The series features spiderlike combat vehicles (i.e. tanks) equipped with artificial intelligence. These are called Tachikomas.
What piqued my interest that evening was a (rather one-sided) conversation about God between one of these A.I. beings and a human, Batou. This particular Tachikoma's voice sounds like that of a child about the age of five. It said:
"And you know that 'existence of God' thing that I had trouble
understanding before? I think I'm starting to understand it now.
Maybe, just maybe, it's a concept that's similar to a zero in
mathematics. In other words, it's a symbol that denies the absence of
meaning, the meaning that's necessitated by the delineation of one system
from another. In analog, that's God. In digital, it's zero."
I found myself staring at the TV with the same affectionate half-smirk that my mother always had whenever I would say something poignant when I was very young. ("Out of the mouths of babes," she'd say. I don't expect she knew the origin of that phrase, so that lends a certain irony to the moment, at least for me.)
Those who know me a little probably see me as someone who waffles between atheism and agnosticism.
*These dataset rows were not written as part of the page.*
(* Consider the equation $x'(t)+p(t)\,x(\tau(t))=0$, $t\ge t_0$, where $p,\tau:[t_0,\infty)\to[0,\infty)$ are continuous, $\tau(t)\le t$ and $\lim_{t\to\infty}\tau(t)=\infty$. Let $\sigma:[t_0,\infty)\to\mathbb{R}$ be continuous and non-decreasing with $\tau(t)\le\sigma(t)\le t$ for $t\ge t_0$. If $$\limsup_{t\to+\infty}\int_{\sigma(t)}^{t}p(s)\exp\Bigg(\int_{\tau(s)}^{\sigma(t)}p(\xi)\exp\bigg(\int_{\tau(\xi)}^{\xi}p(u)\,du\bigg)d\xi\Bigg)ds>1,$$ then all solutions of this equation oscillate.
   Context: A solution is a function $x\in C([T_0,\infty);\mathbb{R})$ for some $T_0\ge t_0$, continuously differentiable on $[\tau_{(-1)}(T_0),\infty)$ where $\tau_{(-1)}(t)=\sup\{s:\tau(s)\le t\}$, satisfying the equation for $t\ge\tau_{(-1)}(T_0)$. It is oscillatory if it has arbitrarily large zeros; "all solutions oscillate" means every solution is oscillatory. *)

theory Defs
  imports "HOL-Analysis.Analysis"
begin

definition tau_inv :: "real \<Rightarrow> (real \<Rightarrow> real) \<Rightarrow> real \<Rightarrow> real" where
  "tau_inv t0 tau T = Sup {s. t0 \<le> s \<and> tau s \<le> T}"

definition is_solution :: "real \<Rightarrow> (real \<Rightarrow> real) \<Rightarrow> (real \<Rightarrow> real) \<Rightarrow> (real \<Rightarrow> real) \<Rightarrow> bool" where
  "is_solution t0 p tau x \<longleftrightarrow>
     (\<exists>T0 \<ge> t0. continuous_on {T0..} x \<and>
        (\<exists>x'. continuous_on {tau_inv t0 tau T0..} x' \<and>
           (\<forall>t \<ge> tau_inv t0 tau T0.
               (x has_real_derivative x' t) (at t within {tau_inv t0 tau T0..}) \<and>
               x' t + p t * x (tau t) = 0)))"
Really, I've just always felt like the Tachikoma: "existence of God" is a "thing" I've had trouble understanding ever since I was introduced to the idea. I like this explanation, because I can accept the need for a defined concept to signify place value.
1 comment:
Gershom Scholem, noted historian of Jewish metaphysics, once wrote/delivered a lecture about how G*d is best described as what G*d is not, rather than imposing limits by suggesting what G*d is.
Of course, this idea can be taken to great limits. But that's not for here.